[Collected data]
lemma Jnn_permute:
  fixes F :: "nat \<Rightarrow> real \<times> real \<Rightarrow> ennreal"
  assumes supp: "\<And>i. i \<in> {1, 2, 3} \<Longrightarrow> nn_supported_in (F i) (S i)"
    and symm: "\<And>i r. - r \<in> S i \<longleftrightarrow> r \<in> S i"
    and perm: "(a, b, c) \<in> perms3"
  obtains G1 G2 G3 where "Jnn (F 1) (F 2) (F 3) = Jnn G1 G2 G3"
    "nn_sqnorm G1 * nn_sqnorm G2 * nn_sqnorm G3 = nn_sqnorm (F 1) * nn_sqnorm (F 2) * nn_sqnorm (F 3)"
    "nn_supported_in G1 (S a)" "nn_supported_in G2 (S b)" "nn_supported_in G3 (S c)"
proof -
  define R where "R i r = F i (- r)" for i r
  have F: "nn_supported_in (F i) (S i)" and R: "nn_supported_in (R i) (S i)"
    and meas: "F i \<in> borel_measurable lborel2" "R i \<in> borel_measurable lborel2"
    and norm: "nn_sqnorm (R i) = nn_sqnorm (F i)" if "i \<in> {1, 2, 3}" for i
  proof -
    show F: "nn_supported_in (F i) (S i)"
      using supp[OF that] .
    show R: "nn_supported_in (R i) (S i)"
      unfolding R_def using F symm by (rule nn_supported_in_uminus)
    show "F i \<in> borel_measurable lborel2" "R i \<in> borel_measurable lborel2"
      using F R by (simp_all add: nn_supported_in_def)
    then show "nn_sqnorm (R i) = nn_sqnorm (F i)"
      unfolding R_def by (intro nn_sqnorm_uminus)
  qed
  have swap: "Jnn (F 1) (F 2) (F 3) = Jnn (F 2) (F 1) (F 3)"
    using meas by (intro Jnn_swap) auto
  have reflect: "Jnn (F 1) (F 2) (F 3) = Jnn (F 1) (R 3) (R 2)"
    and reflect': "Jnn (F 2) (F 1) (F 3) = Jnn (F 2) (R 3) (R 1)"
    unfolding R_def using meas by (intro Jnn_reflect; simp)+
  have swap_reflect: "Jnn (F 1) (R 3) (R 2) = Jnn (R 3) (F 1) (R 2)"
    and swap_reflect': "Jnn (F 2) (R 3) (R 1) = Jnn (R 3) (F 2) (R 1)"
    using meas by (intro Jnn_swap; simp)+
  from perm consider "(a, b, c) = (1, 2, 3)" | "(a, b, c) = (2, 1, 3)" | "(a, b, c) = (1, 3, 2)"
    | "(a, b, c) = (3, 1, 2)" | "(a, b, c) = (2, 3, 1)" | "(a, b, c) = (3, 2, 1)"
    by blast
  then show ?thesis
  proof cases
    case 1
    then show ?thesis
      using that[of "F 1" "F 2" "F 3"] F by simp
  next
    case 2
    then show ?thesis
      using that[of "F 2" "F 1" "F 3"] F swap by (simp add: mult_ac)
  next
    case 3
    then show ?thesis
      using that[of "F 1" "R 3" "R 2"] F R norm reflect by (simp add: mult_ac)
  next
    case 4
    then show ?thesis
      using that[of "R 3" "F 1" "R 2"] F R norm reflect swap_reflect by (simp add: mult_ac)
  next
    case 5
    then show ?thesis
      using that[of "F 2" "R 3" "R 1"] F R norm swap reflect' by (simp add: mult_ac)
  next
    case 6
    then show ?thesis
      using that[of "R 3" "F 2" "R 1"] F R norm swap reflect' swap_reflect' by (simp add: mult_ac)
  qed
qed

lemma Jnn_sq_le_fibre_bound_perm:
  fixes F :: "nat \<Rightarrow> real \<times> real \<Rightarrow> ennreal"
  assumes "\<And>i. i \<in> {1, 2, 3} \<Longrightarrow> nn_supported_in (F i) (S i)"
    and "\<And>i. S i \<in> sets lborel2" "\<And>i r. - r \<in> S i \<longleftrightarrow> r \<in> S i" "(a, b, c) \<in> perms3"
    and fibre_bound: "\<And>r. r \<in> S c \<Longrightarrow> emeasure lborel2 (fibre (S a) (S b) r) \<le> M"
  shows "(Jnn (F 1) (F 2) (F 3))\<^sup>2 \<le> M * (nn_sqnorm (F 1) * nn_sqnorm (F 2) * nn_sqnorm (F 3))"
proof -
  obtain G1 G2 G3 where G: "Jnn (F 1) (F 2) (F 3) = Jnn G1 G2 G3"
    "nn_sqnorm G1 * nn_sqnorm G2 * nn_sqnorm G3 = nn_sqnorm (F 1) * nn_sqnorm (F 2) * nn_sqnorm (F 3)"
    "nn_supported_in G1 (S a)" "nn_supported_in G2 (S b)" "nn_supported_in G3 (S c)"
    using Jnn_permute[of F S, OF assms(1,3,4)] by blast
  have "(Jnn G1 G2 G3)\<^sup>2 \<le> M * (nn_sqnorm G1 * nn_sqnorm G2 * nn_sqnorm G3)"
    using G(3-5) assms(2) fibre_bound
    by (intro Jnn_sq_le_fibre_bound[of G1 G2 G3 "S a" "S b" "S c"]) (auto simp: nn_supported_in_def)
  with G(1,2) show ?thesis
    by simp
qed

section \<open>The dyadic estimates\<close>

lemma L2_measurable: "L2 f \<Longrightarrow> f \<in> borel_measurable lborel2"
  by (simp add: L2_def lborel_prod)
---
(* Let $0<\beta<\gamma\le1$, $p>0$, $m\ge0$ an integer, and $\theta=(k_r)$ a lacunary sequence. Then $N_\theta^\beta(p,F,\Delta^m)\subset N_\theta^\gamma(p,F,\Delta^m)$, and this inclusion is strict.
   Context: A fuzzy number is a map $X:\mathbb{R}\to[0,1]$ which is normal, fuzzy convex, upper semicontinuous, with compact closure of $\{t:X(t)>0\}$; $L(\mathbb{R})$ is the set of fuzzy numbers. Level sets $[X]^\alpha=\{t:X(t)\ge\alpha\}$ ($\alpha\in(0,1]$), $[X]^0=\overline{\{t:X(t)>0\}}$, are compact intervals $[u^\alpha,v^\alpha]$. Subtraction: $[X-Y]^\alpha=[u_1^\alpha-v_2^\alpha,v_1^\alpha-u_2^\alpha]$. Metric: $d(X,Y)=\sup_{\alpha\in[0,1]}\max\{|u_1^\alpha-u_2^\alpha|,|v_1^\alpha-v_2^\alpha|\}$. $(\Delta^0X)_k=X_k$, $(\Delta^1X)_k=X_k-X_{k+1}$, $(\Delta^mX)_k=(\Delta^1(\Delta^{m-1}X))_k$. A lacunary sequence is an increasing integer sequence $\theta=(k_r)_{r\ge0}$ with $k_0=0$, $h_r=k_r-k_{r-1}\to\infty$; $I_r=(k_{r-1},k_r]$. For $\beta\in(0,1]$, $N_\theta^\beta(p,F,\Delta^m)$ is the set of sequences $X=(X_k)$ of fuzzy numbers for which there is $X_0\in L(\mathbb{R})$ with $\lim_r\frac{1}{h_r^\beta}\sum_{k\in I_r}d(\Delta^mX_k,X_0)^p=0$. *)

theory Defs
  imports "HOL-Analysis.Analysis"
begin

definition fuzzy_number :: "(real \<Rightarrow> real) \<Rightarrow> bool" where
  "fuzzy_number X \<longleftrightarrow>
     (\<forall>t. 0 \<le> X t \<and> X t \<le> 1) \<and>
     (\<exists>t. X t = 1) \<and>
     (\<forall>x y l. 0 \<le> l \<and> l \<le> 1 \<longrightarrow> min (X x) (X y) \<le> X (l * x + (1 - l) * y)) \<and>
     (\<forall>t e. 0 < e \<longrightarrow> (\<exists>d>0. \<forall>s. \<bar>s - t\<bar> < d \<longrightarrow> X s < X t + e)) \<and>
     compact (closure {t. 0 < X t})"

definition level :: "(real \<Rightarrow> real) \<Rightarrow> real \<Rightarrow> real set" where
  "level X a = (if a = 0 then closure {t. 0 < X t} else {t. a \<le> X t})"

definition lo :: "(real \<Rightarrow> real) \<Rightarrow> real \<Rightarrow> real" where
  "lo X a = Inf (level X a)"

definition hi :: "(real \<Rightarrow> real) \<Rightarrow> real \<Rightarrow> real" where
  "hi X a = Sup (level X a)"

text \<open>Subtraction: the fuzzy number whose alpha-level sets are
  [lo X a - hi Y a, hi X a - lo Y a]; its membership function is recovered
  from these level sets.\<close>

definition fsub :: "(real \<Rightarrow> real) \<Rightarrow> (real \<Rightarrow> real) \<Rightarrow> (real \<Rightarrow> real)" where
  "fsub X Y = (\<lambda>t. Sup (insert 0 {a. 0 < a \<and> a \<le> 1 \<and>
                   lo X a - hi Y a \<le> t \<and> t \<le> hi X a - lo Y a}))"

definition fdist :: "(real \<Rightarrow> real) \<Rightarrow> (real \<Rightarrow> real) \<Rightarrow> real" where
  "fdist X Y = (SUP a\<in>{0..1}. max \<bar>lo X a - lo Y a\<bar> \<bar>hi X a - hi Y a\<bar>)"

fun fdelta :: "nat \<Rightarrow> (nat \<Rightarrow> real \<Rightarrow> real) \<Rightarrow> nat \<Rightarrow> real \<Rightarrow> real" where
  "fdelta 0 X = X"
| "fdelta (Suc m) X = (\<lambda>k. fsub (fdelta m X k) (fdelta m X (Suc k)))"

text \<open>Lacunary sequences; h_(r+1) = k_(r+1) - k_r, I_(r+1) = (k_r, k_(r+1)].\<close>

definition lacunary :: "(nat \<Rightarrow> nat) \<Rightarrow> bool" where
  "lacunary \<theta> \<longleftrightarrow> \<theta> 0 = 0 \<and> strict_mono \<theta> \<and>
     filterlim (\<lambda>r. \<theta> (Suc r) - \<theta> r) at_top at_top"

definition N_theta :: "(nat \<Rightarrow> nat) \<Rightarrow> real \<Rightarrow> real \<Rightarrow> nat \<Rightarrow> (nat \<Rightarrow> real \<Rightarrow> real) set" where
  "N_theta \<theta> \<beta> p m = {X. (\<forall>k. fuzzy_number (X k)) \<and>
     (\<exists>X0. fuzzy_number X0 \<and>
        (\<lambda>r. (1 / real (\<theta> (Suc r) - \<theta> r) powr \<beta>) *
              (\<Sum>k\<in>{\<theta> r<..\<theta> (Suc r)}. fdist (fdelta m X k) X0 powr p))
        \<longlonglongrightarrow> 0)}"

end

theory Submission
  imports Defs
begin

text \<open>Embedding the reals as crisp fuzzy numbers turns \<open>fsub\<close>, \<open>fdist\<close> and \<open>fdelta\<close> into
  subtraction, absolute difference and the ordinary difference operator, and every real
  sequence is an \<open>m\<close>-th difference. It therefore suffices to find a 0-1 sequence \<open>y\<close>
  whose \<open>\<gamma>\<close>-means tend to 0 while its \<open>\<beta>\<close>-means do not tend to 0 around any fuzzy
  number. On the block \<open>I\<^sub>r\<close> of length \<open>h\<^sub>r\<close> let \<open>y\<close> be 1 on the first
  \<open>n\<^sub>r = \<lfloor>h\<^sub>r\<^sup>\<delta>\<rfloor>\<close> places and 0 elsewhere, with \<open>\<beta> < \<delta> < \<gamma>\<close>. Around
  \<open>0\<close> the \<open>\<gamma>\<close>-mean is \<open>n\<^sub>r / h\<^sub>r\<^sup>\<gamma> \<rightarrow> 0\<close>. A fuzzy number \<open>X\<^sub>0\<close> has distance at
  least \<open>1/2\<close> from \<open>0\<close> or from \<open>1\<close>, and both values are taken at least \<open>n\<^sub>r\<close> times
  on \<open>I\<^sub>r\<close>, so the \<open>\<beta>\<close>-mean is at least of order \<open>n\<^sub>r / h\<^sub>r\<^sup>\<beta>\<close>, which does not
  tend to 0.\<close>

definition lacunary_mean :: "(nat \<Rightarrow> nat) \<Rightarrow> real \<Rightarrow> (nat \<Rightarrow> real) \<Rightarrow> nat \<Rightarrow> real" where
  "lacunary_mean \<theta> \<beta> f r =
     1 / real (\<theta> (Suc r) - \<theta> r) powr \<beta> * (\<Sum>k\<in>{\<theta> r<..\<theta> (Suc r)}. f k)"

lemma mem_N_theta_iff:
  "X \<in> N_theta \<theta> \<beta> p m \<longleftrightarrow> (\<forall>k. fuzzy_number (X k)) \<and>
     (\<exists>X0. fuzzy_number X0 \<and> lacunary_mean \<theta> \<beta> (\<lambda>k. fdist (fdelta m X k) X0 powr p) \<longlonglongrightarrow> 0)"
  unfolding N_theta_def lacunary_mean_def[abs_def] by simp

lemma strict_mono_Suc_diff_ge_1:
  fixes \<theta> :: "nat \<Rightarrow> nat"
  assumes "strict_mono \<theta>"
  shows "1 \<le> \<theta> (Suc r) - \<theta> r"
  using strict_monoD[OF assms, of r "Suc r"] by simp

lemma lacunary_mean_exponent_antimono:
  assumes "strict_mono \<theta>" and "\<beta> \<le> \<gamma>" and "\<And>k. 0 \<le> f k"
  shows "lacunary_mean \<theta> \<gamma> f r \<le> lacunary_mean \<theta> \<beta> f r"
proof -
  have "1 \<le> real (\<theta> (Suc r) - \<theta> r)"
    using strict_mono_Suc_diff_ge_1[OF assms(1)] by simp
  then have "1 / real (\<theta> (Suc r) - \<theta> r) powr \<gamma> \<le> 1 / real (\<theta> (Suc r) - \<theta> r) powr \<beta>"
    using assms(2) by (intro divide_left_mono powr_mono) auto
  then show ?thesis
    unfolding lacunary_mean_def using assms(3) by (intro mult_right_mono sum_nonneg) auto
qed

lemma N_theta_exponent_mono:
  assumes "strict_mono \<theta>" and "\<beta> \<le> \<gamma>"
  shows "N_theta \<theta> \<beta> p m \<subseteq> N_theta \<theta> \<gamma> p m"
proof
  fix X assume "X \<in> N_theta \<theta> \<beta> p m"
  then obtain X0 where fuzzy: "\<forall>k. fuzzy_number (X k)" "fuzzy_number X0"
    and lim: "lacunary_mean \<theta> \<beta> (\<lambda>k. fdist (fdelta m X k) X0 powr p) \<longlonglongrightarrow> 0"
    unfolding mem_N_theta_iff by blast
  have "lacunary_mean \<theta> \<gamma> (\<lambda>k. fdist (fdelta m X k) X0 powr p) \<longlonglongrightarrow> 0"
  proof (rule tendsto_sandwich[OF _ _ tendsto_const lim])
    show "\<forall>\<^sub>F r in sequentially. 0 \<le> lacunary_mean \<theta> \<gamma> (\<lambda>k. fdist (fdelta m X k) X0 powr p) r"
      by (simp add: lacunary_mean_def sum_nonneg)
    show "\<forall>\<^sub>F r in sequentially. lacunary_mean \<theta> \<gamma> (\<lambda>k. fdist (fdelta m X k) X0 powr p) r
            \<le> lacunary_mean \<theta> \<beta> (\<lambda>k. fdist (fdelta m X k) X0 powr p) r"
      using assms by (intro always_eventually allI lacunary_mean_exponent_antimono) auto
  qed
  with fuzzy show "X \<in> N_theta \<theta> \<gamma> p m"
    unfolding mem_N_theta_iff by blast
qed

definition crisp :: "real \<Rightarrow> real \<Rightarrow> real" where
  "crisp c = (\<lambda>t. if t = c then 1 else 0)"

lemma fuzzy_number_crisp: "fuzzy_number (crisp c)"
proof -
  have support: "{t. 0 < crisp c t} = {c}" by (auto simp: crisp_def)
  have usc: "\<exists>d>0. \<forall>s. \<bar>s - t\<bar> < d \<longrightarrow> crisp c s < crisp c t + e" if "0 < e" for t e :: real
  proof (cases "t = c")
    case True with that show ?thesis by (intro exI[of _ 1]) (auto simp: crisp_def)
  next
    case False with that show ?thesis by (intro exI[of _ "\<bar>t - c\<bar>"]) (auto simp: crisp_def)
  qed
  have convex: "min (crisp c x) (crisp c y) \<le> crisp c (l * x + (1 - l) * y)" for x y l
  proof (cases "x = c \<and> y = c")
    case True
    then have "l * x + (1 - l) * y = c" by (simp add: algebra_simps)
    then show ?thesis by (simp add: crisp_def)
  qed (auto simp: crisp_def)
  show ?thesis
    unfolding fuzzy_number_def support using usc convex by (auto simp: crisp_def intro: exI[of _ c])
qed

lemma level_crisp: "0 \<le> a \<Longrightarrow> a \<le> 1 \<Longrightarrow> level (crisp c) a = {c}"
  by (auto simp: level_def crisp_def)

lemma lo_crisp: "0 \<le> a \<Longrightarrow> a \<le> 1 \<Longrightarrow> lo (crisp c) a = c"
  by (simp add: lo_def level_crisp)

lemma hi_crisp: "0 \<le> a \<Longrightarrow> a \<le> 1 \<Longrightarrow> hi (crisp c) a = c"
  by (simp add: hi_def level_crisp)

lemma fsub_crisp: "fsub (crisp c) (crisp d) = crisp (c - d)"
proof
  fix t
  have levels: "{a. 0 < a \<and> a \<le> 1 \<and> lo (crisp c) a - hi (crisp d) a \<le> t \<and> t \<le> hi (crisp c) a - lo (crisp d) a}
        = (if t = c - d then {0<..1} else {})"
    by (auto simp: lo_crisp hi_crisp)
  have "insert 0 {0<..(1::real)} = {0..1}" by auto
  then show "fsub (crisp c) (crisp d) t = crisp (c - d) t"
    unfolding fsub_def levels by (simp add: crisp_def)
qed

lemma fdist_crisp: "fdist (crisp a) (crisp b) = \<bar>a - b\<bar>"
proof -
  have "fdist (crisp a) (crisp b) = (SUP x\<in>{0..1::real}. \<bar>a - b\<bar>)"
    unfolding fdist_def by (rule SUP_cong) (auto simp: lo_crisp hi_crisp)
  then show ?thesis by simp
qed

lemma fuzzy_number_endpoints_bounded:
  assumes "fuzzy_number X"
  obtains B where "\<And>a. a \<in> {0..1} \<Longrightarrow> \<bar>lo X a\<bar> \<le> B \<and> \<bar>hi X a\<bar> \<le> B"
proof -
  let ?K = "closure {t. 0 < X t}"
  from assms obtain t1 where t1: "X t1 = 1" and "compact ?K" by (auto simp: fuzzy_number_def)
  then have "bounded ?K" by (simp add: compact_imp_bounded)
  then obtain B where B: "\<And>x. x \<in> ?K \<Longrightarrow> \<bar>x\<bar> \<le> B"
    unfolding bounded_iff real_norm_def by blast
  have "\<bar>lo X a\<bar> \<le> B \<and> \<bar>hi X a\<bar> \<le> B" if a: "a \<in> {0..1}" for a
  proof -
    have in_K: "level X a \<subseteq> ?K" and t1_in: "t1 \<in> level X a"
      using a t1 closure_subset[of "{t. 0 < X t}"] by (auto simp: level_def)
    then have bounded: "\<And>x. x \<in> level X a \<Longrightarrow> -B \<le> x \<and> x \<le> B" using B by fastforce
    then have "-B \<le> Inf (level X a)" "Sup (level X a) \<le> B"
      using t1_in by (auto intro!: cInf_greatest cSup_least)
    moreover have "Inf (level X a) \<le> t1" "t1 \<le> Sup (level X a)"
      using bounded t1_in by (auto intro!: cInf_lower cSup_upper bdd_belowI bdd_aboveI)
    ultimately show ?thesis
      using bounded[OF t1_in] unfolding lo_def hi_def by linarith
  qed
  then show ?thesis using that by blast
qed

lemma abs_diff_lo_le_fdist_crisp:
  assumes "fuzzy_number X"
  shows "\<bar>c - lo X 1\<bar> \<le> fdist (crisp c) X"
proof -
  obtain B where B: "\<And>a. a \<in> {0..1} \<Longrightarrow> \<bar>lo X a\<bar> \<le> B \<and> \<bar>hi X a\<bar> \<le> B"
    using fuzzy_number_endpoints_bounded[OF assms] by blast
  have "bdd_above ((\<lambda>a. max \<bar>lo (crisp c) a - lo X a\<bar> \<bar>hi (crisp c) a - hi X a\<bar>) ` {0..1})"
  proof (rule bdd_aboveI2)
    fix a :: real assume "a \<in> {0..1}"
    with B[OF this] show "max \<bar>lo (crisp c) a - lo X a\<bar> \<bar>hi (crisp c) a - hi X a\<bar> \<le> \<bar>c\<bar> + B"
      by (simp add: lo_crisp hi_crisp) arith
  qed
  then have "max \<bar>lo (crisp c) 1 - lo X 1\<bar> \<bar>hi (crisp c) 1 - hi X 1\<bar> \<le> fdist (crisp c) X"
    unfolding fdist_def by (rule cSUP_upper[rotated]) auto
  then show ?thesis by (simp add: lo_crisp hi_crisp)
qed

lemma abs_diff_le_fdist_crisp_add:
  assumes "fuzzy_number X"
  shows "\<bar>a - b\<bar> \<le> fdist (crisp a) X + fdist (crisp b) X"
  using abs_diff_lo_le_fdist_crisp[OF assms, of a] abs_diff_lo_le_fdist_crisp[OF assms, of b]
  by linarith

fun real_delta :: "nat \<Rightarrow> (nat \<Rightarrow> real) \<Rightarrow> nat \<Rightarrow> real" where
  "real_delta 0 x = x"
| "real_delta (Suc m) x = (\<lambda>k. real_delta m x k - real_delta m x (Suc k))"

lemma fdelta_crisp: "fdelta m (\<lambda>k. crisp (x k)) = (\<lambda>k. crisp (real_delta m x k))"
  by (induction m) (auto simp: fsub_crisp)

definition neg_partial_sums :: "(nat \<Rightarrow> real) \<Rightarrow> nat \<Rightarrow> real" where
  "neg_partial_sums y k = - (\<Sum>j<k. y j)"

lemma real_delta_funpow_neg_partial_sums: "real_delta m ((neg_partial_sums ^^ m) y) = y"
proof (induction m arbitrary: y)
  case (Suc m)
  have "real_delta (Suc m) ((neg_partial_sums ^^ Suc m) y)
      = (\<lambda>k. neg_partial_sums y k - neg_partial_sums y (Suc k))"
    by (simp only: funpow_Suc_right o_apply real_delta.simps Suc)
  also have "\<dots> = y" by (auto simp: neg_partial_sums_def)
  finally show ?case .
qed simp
* * *
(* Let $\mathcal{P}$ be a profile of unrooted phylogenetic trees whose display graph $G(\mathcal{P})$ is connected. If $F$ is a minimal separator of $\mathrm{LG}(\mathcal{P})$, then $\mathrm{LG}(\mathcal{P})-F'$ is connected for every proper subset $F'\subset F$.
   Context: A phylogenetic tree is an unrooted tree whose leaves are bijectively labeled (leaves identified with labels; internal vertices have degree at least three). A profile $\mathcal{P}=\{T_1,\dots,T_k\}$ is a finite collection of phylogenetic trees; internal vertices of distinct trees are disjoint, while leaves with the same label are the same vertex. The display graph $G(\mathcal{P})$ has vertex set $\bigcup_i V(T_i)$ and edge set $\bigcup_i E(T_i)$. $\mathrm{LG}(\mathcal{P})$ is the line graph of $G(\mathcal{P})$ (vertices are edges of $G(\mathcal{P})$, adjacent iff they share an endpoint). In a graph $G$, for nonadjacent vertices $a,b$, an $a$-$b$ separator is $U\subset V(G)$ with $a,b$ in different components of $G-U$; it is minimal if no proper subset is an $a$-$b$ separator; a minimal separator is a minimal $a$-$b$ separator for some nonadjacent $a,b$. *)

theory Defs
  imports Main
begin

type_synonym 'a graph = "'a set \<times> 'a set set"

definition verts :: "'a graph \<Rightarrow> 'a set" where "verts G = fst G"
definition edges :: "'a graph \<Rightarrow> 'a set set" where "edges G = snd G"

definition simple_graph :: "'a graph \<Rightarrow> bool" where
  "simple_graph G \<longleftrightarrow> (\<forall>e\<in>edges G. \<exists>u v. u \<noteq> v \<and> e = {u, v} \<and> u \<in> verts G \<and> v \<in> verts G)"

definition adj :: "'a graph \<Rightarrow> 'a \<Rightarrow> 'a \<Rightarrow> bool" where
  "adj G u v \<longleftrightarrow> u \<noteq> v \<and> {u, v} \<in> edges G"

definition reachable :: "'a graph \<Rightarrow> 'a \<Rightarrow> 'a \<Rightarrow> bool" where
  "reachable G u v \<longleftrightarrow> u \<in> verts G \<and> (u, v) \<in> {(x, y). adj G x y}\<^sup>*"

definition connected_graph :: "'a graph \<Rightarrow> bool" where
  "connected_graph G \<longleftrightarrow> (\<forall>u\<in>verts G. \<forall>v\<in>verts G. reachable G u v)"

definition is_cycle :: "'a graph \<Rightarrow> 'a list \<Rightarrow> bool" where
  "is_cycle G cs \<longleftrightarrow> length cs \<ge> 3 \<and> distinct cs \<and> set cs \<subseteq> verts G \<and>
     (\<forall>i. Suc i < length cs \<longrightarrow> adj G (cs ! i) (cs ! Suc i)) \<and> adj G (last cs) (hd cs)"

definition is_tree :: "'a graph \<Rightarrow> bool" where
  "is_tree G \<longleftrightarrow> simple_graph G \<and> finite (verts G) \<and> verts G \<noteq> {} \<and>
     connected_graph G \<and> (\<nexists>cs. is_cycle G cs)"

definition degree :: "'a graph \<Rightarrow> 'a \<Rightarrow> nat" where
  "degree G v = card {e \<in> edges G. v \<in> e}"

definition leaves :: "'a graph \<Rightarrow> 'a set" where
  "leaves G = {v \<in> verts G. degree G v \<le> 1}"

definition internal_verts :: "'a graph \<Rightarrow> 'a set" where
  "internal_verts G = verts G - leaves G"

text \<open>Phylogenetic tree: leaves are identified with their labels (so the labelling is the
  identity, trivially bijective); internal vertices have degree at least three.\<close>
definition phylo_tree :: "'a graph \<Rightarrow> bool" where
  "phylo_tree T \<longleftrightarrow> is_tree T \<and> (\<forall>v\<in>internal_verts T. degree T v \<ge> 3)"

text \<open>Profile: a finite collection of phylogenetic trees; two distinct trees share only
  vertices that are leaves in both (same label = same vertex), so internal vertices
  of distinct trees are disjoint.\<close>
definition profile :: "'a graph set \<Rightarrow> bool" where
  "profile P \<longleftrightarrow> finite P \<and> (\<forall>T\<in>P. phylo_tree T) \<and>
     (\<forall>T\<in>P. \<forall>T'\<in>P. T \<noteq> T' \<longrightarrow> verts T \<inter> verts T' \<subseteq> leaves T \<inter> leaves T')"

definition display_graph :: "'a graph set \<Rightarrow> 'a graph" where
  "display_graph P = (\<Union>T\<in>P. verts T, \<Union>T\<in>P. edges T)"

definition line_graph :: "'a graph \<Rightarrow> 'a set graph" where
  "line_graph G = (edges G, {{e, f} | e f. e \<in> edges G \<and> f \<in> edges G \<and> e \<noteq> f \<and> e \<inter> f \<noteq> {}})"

_Directions for this task_: Using only the data above, copy out the lines that include the word "levels".

_Solution to the problem_:
  have levels: "{a. 0 < a \<and> a \<le> 1 \<and> lo (crisp c) a - hi (crisp d) a \<le> t \<and> t \<le> hi (crisp c) a - lo (crisp d) a}
    unfolding fsub_def levels by (simp add: crisp_def)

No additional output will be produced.